### Exercise brief
Write down, unchanged, the entries from the first line through the line holding "M. \<forall>t\<ge>0. \<forall>i.". Include no other line.

### Source records
lemma ewf_cost_of_rbcp_policy_le:
  fixes alpha :: "'i::finite \<Rightarrow> real"
  assumes rbcp: "rbcp_policy M X eta lam Z U zeta" and alpha: "\<And>i. alpha i > 0"
    and h: "\<And>i. h \<le> hh i - h0" and r: "\<And>i. r * lam i \<le> c i"
  shows "ewf_cost M (\<Sum>i\<in>UNIV. 1 / alpha i) h r (\<lambda>t \<omega>. \<Sum>i\<in>UNIV. zeta i t \<omega>)
           (\<lambda>t \<omega>. \<Sum>i\<in>UNIV. lam i * U i t \<omega>) (\<lambda>t \<omega>. \<Sum>i\<in>UNIV. Z i t \<omega>)
         \<le> rbcp_cost M alpha h0 hh c Z U zeta"
  unfolding rbcp_cost_eq_average_cost ewf_cost_eq_average_cost
proof (rule average_cost_mono)
  have Z_nonneg: "\<forall>\<omega>\<in>space M. \<forall>t\<ge>0. \<forall>i. 0 \<le> Z i t \<omega>"
    and U_reg: "\<forall>\<omega>\<in>space M. \<forall>i. U i 0 \<omega> = 0 \<and> mono_on {0..} (\<lambda>t. U i t \<omega>)"
    using rbcp unfolding rbcp_policy_def by blast+
  fix t :: real and \<omega> assume t: "0 \<le> t" and \<omega>: "\<omega> \<in> space M"
  have "h * (\<Sum>i\<in>UNIV. Z i t \<omega>) \<le> (\<Sum>i\<in>UNIV. (hh i - h0) * Z i t \<omega>)"
    unfolding sum_distrib_left using h Z_nonneg t \<omega> by (intro sum_mono mult_right_mono) auto
  with square_sum_div_sum_inverse_le[of UNIV alpha "\<lambda>i. zeta i t \<omega>"] alpha
  show "(\<Sum>i\<in>UNIV. zeta i t \<omega>)\<^sup>2 / (\<Sum>i\<in>UNIV. 1 / alpha i) + h * (\<Sum>i\<in>UNIV. Z i t \<omega>)
      \<le> (\<Sum>i\<in>UNIV. alpha i * (zeta i t \<omega>)\<^sup>2 + (hh i - h0) * Z i t \<omega>)"
    by (simp add: sum.distrib add_mono)
  have "0 \<le> U i t \<omega>" for i
    using U_reg t \<omega> mono_onD[of "{0..}" "\<lambda>t. U i t \<omega>" 0 t] by auto
  then show "r * (\<Sum>i\<in>UNIV. lam i * U i t \<omega>) \<le> (\<Sum>i\<in>UNIV. c i * U i t \<omega>)"
    unfolding sum_distrib_left mult.assoc[symmetric] using r
    by (intro sum_mono mult_right_mono) auto
qed

lemma ex_rbcp_policy_with_ewf_cost:
  fixes alpha :: "'i::finite \<Rightarrow> real"
  assumes ewf: "ewf_policy M X eta theta L W" and alpha: "\<And>i. alpha i > 0" and lam: "lam j > 0"
  shows "\<exists>Z U zeta. rbcp_policy M X eta lam Z U zeta \<and>
           rbcp_cost M alpha h0 hh c Z U zeta
           = ewf_cost M (\<Sum>i\<in>UNIV. 1 / alpha i) (hh k - h0) (c j / lam j) theta L W"
proof -
  define Z where "Z = (\<lambda>i t \<omega>. if i = k then W t \<omega> else (0::real))"
  define U where "U = (\<lambda>i t \<omega>. if i = j then L t \<omega> / lam j else (0::real))"
  define zeta where "zeta = (\<lambda>i t \<omega>. (1 / alpha i) / (\<Sum>i\<in>UNIV. 1 / alpha i) * theta t \<omega>)"
  have "(\<Sum>i\<in>UNIV. 1 / alpha i) > 0"
    using alpha by (intro sum_pos) auto
  then have "(\<Sum>i\<in>UNIV. (1 / alpha i) / (\<Sum>i\<in>UNIV. 1 / alpha i)) = 1"
    unfolding sum_divide_distrib[symmetric] by simp
  with ewf lam have "rbcp_policy M X eta lam Z U zeta"
    unfolding Z_def U_def zeta_def by (rule rbcp_policy_of_ewf_policy)
  moreover have "rbcp_cost M alpha h0 hh c Z U zeta
      = ewf_cost M (\<Sum>i\<in>UNIV. 1 / alpha i) (hh k - h0) (c j / lam j) theta L W"
    unfolding Z_def U_def zeta_def using alpha by (rule rbcp_cost_of_ewf_policy)
  ultimately show ?thesis
    by blast
qed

### Your response
lemma ewf_cost_of_rbcp_policy_le:
  fixes alpha :: "'i::finite \<Rightarrow> real"
  assumes rbcp: "rbcp_policy M X eta lam Z U zeta" and alpha: "\<And>i. alpha i > 0"
    and h: "\<And>i. h \<le> hh i - h0" and r: "\<And>i. r * lam i \<le> c i"
  shows "ewf_cost M (\<Sum>i\<in>UNIV. 1 / alpha i) h r (\<lambda>t \<omega>. \<Sum>i\<in>UNIV. zeta i t \<omega>)
           (\<lambda>t \<omega>. \<Sum>i\<in>UNIV. lam i * U i t \<omega>) (\<lambda>t \<omega>. \<Sum>i\<in>UNIV. Z i t \<omega>)
         \<le> rbcp_cost M alpha h0 hh c Z U zeta"
  unfolding rbcp_cost_eq_average_cost ewf_cost_eq_average_cost
proof (rule average_cost_mono)
  have Z_nonneg: "\<forall>\<omega>\<in>space M. \<forall>t\<ge>0. \<forall>i. 0 \<le> Z i t \<omega>"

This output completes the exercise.